Dans les alpes uranaises, 1138,5 mètres de dénivelé en décapotable

Le CabriO, téléphérique à toit ouvert unique au monde, nous emmène au sommet du Stanserhorn et offre un panorama saisissant, cheveux au vent

A quoi bon prendre l’avion quand les trains suisses offrent de si spectaculaires options? Cet été, «Le Temps» vous propose des trajets méconnus ou oubliés des Romands pour pimenter votre été.

Episode précédent:

Connaissez-vous le CabriO? Non, pas celui aux jantes brillantes qui en met plein la vue dans les virages, mais celui qui mène à la découverte du sommet du mont Stanserhorn, culminant à 1898 mètres dans les alpes uranaises… Le spectacle est à déguster dans la région de Lucerne, où il vaut la peine de se rendre en train. Car l’arrivée à Nidwald offre la première récompense au voyageur: une vue prenante sur le lac de Sempach, entre Sursee et Lucerne.

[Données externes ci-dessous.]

(* Let $F:\mathbb{R}^n\rightrightarrows\mathbb{R}^n$ be continuous with $F(x)$ nonempty, compact and convex for all $x$, and assume $\Sigma:\dot x\in F(x)$ is forward complete. Let $X_o\subset\mathbb{R}^n$, let $\bar\epsilon:\mathbb{R}^n\to\mathbb{R}_{>0}$ be continuous, and let $K_{\bar\epsilon}$ be the reachable set defined below. Then for each continuous $\epsilon:\mathbb{R}^n\to\mathbb{R}_{\ge0}$ with $\epsilon(x)<\bar\epsilon(x)$ for all $x\in\mathbb{R}^n$: (P1) $\mathrm{cl}(K_{\bar\epsilon})$ is forward contractive for $\Sigma_\epsilon$; (P2) $\mathbb{R}^n\setminus\mathrm{int}(K_{\bar\epsilon})$ is forward contractive for $\Sigma^-_\epsilon$; (P3) solutions of $\Sigma_\epsilon$ starting in $\mathrm{int}(K_{\bar\epsilon})$ never reach $\partial K_{\bar\epsilon}$ at positive times; (P4) solutions of $\Sigma_\epsilon$ starting in $\mathbb{R}^n\setminus\mathrm{cl}(K_{\bar\epsilon})$ never reach $\partial K_{\bar\epsilon}$ at negative times.
   Context: $\mathbb{B}$ is the closed unit ball. Continuity of a set-valued map means upper and lower semicontinuity. Solutions of a differential inclusion are locally absolutely continuous functions on an interval containing $0$ (possibly including negative times) satisfying the inclusion a.e.; maximal solutions are non-extendable; $\mathcal{S}_{\Sigma'}(x)$ is the set of maximal solutions of $\Sigma'$ with $\phi(0)=x$. Forward complete: every maximal solution is defined on an interval unbounded to the right. $\Sigma_\epsilon$: $\dot x\in F(x)+\epsilon(x)\mathbb{B}$; $\Sigma^-_\epsilon$: $\dot x\in -F(x)+\epsilon(x)\mathbb{B}$. For $t\ge0$, $R_{\Sigma'}(t,x):=\{\phi(s):\phi\in\mathcal{S}_{\Sigma'}(x),\ s\in\mathrm{dom}\,\phi\cap[0,t]\}$. $K_{\bar\epsilon}:=\bigcup_{t\ge0}\bigcup_{x\in X_o}R_{\Sigma_{\bar\epsilon}}(t,x)$. A closed set $K$ is forward invariant for $\Sigma'$ if every solution starting in $K$ stays in $K$; it is forward contractive if it is forward invariant and for every $x_o\in\partial K$ and $\phi\in\mathcal{S}_{\Sigma'}(x_o)$ there is $T>0$ with $\phi(t)\in\mathrm{int}(K)$ for all $t\in\mathrm{dom}\,\phi\cap(0,T]$. *)

theory Defs
  imports "HOL-Analysis.Analysis"
begin

definition usc_at :: "('a::metric_space \<Rightarrow> 'b::topological_space set) \<Rightarrow> 'a \<Rightarrow> bool" where
  "usc_at F x \<longleftrightarrow> (\<forall>U. open U \<and> F x \<subseteq> U \<longrightarrow> (\<exists>\<delta>>0. \<forall>y\<in>ball x \<delta>. F y \<subseteq> U))"

definition lsc_at :: "('a::metric_space \<Rightarrow> 'b::topological_space set) \<Rightarrow> 'a \<Rightarrow> bool" where
  "lsc_at F x \<longleftrightarrow> (\<forall>U. open U \<and> F x \<inter> U \<noteq> {} \<longrightarrow> (\<exists>\<delta>>0. \<forall>y\<in>ball x \<delta>. F y \<inter> U \<noteq> {}))"

definition sv_continuous :: "('a::metric_space \<Rightarrow> 'b::topological_space set) \<Rightarrow> bool" where
  "sv_continuous F \<longleftrightarrow> (\<forall>x. usc_at F x \<and> lsc_at F x)"

definition abs_cont_on :: "real set \<Rightarrow> (real \<Rightarrow> 'a::real_normed_vector) \<Rightarrow> bool" where
  "abs_cont_on S f \<longleftrightarrow>
     (\<forall>\<epsilon>>0. \<exists>\<delta>>0. \<forall>(n::nat) a b.
        (\<forall>k<n. a k \<le> b k \<and> a k \<in> S \<and> b k \<in> S) \<and>
        (\<forall>j<n. \<forall>k<n. j \<noteq> k \<longrightarrow> {a j<..<b j} \<inter> {a k<..<b k} = {}) \<and>
        (\<Sum>k<n. b k - a k) < \<delta>
        \<longrightarrow> (\<Sum>k<n. norm (f (b k) - f (a k))) < \<epsilon>)"

definition loc_abs_cont_on :: "real set \<Rightarrow> (real \<Rightarrow> 'a::real_normed_vector) \<Rightarrow> bool" where
  "loc_abs_cont_on I f \<longleftrightarrow> (\<forall>a b. {a..b} \<subseteq> I \<longrightarrow> abs_cont_on {a..b} f)"

definition is_sol :: "('a::euclidean_space \<Rightarrow> 'a set) \<Rightarrow> real set \<Rightarrow> (real \<Rightarrow> 'a) \<Rightarrow> bool" where
  "is_sol G I \<phi> \<longleftrightarrow> is_interval I \<and> 0 \<in> I \<and> loc_abs_cont_on I \<phi> \<and>
     (\<exists>N. N \<in> null_sets lebesgue \<and>
        (\<forall>t\<in>I - N. \<exists>v. (\<phi> has_vector_derivative v) (at t within I) \<and> v \<in> G (\<phi> t)))"

definition is_max_sol :: "('a::euclidean_space \<Rightarrow> 'a set) \<Rightarrow> real set \<Rightarrow> (real \<Rightarrow> 'a) \<Rightarrow> bool" where
  "is_max_sol G I \<phi> \<longleftrightarrow> is_sol G I \<phi> \<and>
     \<not> (\<exists>J \<psi>. is_sol G J \<psi> \<and> I \<subset> J \<and> (\<forall>t\<in>I. \<psi> t = \<phi> t))"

Comme une introduction à l’immersion qui va suivre, au cœur de paysages hypnotisants, ponctués de nombreuses étendues d’eau qui bordent le Stanserhorn. Un second train en direction de Stans nous rapproche du lac des Quatre-Cantons, berceau de légendes suisses. Ce voyage permettra-t-il d’observer la couverture lisse et turquoise dans son intégralité?

En direction du sommet

Bercés par les ballottements du wagon et les tonalités gutturales des conversations, nous montons depuis Stans dans un petit train à voiture en bois, dont l’ouverture et la lenteur nous permettent de gratifier les quelques randonneurs d’un joyeux «Grüezi». Ce funiculaire, qui circule depuis 1893, marque le début de notre progression à travers un décor verdoyant, dans la fraîcheur des paysages montagneux. Quelques minutes au cœur des prairies de Stans et nous voilà déjà devant un CabriO à la modernité contrastante.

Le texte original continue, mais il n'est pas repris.